- [What you have to do]: Which lines in the data contain the word "rule"? Please copy each of them.

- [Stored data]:
■ ■ ■ ■ ■
lemma prob_uniform_A_set_tendsto:
  assumes "0 < \<epsilon>"
  shows "(\<lambda>n. measure_pmf.prob (pmf_of_set (perms (2*n))) (A_set n (real (2*n) powr (\<epsilon>/2))))
           \<longlonglongrightarrow> 0"
proof (rule tendsto_sandwich[of "\<lambda>_. 0" _ _ "\<lambda>n. 1 / (2 * real (2*n) powr (\<epsilon>/2))"])
  show "eventually (\<lambda>n. measure_pmf.prob (pmf_of_set (perms (2*n)))
      (A_set n (real (2*n) powr (\<epsilon>/2))) \<le> 1 / (2 * real (2*n) powr (\<epsilon>/2))) sequentially"
    using eventually_ge_at_top[of 1] by eventually_elim (simp add: prob_uniform_A_set_le)
  show "(\<lambda>n. 1 / (2 * real (2*n) powr (\<epsilon>/2))) \<longlonglongrightarrow> 0" using assms by real_asymp
qed auto


subsection \<open>Total variation to the uniform distribution\<close>

lemma tv_to_uniform_eq:
  "tv_to_uniform n a t = (1/2) * (\<Sum>\<sigma>\<in>perms (2*n).
      \<bar>pmf (walk n a t) \<sigma> - pmf (pmf_of_set (perms (2*n))) \<sigma>\<bar>)"
  using finite_perms perms_ne_empty card_perms[of "2*n"]
  by (auto simp: tv_to_uniform_def intro!: sum.cong arg_cong[where f = "\<lambda>x. _ * x"])

lemma tv_to_uniform_bounds:
  assumes "0 \<le> a" "a \<le> 2" "1 \<le> n"
  shows "measure_pmf.prob (walk n a t) A - measure_pmf.prob (pmf_of_set (perms (2*n))) A
           \<le> tv_to_uniform n a t"
    and "tv_to_uniform n a t \<le> 1"
proof -
  have "set_pmf (walk n a t) \<subseteq> perms (2*n)"
    using walk_permutes[OF assms] by (auto simp: perms_def)
  then show "measure_pmf.prob (walk n a t) A - measure_pmf.prob (pmf_of_set (perms (2*n))) A
           \<le> tv_to_uniform n a t"
    unfolding tv_to_uniform_eq using finite_perms perms_ne_empty
    by (intro prob_diff_le_total_variation) auto
  show "tv_to_uniform n a t \<le> 1"
    unfolding tv_to_uniform_eq by (intro total_variation_le_one finite_perms)
qed


theorem mainTheorem2:
  fixes a \<epsilon> :: real
  assumes "0 < a" "a \<le> 1" "0 < \<epsilon>" "\<epsilon> < 1"
  shows "(\<lambda>n. tv_to_uniform n a (tN a \<epsilon> (2*n))) \<longlonglongrightarrow> 1
       \<and> (\<lambda>n. measure_pmf.prob (walk n a (tN a \<epsilon> (2*n)))
                 (A_set n (real (2*n) powr (\<epsilon>/2)))) \<longlonglongrightarrow> 1
       \<and> (\<lambda>n. measure_pmf.prob (pmf_of_set (perms (2*n)))
                 (A_set n (real (2*n) powr (\<epsilon>/2)))) \<longlonglongrightarrow> 0"
proof -
  let ?A = "\<lambda>n. A_set n (real (2*n) powr (\<epsilon>/2))"
  let ?W = "\<lambda>n. measure_pmf.prob (walk n a (tN a \<epsilon> (2*n))) (?A n)"
  let ?U = "\<lambda>n. measure_pmf.prob (pmf_of_set (perms (2*n))) (?A n)"
  have W: "?W \<longlonglongrightarrow> 1" using prob_walk_A_set_tendsto assms by blast
  have U: "?U \<longlonglongrightarrow> 0" using prob_uniform_A_set_tendsto assms by blast
  have "(\<lambda>n. tv_to_uniform n a (tN a \<epsilon> (2*n))) \<longlonglongrightarrow> 1"
  proof (rule tendsto_sandwich)
    show "(\<lambda>n. ?W n - ?U n) \<longlonglongrightarrow> 1" using tendsto_diff[OF W U] by simp
    show "eventually (\<lambda>n. ?W n - ?U n \<le> tv_to_uniform n a (tN a \<epsilon> (2*n))) sequentially"
      using eventually_ge_at_top[of 1] by eventually_elim (use assms tv_to_uniform_bounds in auto)
    show "eventually (\<lambda>n. tv_to_uniform n a (tN a \<epsilon> (2*n)) \<le> 1) sequentially"
      using eventually_ge_at_top[of 1] by eventually_elim (use assms tv_to_uniform_bounds in auto)
  qed simp
  with W U show ?thesis by blast
qed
■ ■ ■ ■ ■
- [Final answer]:
proof (rule tendsto_sandwich[of "\<lambda>_. 0" _ _ "\<lambda>n. 1 / (2 * real (2*n) powr (\<epsilon>/2))"])
  proof (rule tendsto_sandwich)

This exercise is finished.